• EXTRACTED MATERIAL
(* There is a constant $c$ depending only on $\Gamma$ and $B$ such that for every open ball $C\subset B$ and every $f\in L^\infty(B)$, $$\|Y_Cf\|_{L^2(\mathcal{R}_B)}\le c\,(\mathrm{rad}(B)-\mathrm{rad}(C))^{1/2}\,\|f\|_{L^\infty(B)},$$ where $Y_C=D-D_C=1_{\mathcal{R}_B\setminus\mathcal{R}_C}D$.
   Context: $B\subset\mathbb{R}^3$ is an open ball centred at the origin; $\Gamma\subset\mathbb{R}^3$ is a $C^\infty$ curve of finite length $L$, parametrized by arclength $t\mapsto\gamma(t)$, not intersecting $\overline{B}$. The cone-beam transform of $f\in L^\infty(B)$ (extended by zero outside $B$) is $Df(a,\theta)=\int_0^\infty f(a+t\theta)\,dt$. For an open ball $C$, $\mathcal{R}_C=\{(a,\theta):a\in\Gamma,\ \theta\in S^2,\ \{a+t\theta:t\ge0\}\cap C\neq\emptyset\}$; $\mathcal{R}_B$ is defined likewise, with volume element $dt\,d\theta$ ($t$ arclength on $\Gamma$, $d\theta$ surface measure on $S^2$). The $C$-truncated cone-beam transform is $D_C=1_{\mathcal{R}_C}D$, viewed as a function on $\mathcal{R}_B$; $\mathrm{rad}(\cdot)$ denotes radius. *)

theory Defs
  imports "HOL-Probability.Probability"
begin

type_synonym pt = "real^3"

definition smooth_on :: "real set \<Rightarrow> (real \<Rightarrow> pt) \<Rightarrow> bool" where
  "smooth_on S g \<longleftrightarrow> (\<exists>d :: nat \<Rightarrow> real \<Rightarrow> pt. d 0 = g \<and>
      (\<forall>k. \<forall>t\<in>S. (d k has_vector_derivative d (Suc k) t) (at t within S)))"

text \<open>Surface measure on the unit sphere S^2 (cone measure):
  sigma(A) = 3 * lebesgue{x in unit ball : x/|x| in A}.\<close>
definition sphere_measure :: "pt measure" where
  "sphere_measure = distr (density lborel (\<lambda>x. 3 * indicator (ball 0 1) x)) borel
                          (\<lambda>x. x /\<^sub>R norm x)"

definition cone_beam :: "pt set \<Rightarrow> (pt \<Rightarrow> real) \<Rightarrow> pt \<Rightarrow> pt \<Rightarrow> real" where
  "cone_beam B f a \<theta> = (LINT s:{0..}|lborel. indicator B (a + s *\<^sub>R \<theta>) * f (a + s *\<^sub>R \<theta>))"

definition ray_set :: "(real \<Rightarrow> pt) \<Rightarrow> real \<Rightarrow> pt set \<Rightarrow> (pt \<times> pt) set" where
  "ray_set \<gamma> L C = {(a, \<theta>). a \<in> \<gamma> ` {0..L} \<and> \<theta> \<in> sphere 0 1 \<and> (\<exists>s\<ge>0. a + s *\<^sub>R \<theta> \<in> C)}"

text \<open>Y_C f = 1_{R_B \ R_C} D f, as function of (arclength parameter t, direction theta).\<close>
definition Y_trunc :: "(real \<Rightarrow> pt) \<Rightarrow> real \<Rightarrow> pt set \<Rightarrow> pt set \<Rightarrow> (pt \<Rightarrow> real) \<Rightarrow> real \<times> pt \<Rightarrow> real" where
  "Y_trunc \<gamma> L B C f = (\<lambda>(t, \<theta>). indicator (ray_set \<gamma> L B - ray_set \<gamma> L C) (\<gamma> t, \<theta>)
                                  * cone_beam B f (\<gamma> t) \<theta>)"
* * *
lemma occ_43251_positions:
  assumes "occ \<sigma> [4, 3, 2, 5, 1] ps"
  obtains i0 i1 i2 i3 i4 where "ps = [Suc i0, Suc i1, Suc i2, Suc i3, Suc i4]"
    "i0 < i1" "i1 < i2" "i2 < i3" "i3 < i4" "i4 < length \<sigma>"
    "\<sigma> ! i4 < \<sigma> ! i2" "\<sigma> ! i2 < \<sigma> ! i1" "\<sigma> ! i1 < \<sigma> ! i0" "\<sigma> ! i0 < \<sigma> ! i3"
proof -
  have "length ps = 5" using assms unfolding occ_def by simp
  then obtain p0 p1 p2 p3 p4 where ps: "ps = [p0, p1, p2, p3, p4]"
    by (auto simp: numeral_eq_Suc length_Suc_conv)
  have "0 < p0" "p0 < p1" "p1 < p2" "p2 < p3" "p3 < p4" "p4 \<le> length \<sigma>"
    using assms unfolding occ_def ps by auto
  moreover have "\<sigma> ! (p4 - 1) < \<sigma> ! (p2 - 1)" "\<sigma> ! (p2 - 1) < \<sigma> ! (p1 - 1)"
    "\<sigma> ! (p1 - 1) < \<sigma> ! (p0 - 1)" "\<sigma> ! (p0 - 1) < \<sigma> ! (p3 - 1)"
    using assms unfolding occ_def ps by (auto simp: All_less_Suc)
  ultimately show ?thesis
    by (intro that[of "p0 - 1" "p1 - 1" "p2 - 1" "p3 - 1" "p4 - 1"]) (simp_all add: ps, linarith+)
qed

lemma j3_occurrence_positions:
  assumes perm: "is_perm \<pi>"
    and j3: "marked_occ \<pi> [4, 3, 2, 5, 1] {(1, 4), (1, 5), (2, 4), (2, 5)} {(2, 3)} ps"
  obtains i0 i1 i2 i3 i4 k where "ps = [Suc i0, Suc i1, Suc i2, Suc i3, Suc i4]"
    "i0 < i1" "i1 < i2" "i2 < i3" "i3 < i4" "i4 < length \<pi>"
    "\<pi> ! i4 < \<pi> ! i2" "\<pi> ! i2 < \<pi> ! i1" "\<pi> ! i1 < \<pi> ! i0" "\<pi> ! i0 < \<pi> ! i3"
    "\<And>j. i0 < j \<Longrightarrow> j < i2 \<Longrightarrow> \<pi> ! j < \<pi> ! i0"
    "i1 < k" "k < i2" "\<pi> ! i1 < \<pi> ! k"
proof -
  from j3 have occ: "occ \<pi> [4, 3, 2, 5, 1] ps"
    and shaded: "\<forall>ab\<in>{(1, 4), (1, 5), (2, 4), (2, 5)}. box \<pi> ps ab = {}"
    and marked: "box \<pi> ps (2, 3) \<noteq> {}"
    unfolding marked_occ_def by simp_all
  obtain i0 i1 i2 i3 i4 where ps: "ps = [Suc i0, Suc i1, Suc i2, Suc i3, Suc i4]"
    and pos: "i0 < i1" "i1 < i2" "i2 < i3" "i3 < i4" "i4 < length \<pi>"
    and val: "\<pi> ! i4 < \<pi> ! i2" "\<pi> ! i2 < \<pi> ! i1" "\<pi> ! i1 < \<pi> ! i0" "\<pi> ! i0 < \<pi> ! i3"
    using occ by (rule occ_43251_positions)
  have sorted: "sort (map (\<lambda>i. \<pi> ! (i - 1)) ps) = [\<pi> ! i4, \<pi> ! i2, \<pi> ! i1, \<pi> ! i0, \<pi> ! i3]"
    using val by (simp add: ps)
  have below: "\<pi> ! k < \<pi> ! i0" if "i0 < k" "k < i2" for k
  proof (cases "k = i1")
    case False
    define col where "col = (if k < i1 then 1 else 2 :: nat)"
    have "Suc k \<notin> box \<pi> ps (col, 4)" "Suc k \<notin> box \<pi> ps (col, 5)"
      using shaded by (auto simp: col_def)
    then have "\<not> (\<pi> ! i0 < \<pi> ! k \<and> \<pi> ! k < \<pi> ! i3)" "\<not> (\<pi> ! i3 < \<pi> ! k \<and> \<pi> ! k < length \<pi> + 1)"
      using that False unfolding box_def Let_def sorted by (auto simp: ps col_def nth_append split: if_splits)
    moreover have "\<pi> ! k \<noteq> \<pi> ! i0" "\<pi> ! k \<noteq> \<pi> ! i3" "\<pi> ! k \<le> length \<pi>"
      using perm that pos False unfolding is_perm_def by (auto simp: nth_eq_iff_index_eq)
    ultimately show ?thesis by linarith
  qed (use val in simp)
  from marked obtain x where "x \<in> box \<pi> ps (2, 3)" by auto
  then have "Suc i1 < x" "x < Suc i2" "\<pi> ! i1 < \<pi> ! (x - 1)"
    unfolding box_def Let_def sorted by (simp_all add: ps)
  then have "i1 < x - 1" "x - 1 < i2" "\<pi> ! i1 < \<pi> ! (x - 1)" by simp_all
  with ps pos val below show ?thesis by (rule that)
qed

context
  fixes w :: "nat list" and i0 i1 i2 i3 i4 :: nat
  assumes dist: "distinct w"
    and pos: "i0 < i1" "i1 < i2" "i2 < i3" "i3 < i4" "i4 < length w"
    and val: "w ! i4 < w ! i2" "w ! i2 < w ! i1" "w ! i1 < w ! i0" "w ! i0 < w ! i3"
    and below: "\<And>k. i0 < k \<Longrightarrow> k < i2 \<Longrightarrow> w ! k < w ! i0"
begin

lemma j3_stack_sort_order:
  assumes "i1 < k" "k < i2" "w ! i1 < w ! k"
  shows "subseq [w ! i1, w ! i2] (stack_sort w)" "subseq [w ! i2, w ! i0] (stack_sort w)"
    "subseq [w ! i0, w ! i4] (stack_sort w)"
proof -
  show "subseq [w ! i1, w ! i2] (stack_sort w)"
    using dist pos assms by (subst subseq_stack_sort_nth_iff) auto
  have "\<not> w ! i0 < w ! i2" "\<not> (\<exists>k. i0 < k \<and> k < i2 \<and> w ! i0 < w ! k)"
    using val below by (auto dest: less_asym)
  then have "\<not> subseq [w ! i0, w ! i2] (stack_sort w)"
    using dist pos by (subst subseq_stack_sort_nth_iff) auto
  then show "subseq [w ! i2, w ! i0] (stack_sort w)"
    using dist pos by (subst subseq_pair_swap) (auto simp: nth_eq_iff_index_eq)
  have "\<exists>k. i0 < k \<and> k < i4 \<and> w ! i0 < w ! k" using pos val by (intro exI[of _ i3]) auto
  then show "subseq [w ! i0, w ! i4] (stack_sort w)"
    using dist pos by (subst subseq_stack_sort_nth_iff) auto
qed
--
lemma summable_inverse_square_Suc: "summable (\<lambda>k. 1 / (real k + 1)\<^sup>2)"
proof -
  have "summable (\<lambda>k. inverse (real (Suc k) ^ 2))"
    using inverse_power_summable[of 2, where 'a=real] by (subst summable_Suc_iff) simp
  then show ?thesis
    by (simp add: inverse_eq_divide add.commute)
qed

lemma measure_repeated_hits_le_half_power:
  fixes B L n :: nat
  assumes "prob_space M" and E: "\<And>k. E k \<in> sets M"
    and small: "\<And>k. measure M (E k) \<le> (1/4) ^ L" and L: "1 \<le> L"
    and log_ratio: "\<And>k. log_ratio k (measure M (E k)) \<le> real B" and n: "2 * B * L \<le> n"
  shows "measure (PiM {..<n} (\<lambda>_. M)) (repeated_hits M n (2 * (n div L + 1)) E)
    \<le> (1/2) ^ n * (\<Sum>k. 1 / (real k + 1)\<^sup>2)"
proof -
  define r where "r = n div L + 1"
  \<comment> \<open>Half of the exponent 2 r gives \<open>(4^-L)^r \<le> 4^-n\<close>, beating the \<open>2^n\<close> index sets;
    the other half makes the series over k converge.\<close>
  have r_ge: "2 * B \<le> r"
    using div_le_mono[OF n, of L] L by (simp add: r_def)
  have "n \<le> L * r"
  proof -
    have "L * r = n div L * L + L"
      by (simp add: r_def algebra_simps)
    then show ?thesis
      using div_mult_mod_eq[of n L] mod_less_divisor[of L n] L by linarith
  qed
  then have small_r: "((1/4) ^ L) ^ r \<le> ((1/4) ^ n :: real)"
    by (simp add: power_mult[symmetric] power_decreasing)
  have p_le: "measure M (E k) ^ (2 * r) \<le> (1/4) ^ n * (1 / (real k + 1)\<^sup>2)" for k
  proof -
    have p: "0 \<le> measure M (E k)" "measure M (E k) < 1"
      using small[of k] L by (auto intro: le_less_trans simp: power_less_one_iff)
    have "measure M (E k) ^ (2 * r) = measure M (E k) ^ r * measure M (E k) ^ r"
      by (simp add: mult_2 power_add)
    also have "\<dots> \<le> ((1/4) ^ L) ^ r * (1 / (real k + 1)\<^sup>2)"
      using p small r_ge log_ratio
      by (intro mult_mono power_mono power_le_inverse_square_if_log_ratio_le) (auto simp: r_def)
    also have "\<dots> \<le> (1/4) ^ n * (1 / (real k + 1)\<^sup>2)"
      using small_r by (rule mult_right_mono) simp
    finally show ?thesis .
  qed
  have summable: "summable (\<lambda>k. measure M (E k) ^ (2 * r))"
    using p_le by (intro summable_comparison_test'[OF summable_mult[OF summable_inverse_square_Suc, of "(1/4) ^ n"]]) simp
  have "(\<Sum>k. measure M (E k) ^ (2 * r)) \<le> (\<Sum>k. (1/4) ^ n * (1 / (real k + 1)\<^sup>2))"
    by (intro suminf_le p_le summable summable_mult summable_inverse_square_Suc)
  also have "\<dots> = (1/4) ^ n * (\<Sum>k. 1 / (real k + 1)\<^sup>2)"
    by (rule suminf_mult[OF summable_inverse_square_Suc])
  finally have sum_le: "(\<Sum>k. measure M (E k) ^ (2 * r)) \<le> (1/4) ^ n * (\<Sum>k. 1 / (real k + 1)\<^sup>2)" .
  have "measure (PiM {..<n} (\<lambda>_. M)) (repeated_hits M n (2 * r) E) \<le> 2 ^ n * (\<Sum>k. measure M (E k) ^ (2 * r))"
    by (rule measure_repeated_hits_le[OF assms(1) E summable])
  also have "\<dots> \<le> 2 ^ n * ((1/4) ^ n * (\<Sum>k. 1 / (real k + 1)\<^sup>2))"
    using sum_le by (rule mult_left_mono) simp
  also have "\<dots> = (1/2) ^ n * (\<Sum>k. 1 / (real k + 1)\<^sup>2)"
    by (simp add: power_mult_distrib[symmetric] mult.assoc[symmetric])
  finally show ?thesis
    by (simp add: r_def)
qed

• TASK TO CARRY OUT
Would you copy, unchanged, the stretch of the records above that begins at the line containing "(* There is" and ends at the line containing "set \<Rightarrow> (real", and only that?

• ANSWER SECTION
(* There is a constant $c$ depending only on $\Gamma$ and $B$ such that for every open ball $C\subset B$ and every $f\in L^\infty(B)$, $$\|Y_Cf\|_{L^2(\mathcal{R}_B)}\le c\,(\mathrm{rad}(B)-\mathrm{rad}(C))^{1/2}\,\|f\|_{L^\infty(B)},$$ where $Y_C=D-D_C=1_{\mathcal{R}_B\setminus\mathcal{R}_C}D$.
   Context: $B\subset\mathbb{R}^3$ is an open ball centred at the origin; $\Gamma\subset\mathbb{R}^3$ is a $C^\infty$ curve of finite length $L$, parametrized by arclength $t\mapsto\gamma(t)$, not intersecting $\overline{B}$. The cone-beam transform of $f\in L^\infty(B)$ (extended by zero outside $B$) is $Df(a,\theta)=\int_0^\infty f(a+t\theta)\,dt$. For an open ball $C$, $\mathcal{R}_C=\{(a,\theta):a\in\Gamma,\ \theta\in S^2,\ \{a+t\theta:t\ge0\}\cap C\neq\emptyset\}$; $\mathcal{R}_B$ is defined likewise, with volume element $dt\,d\theta$ ($t$ arclength on $\Gamma$, $d\theta$ surface measure on $S^2$). The $C$-truncated cone-beam transform is $D_C=1_{\mathcal{R}_C}D$, viewed as a function on $\mathcal{R}_B$; $\mathrm{rad}(\cdot)$ denotes radius. *)

theory Defs
  imports "HOL-Probability.Probability"
begin

type_synonym pt = "real^3"

definition smooth_on :: "real set \<Rightarrow> (real \<Rightarrow> pt) \<Rightarrow> bool" where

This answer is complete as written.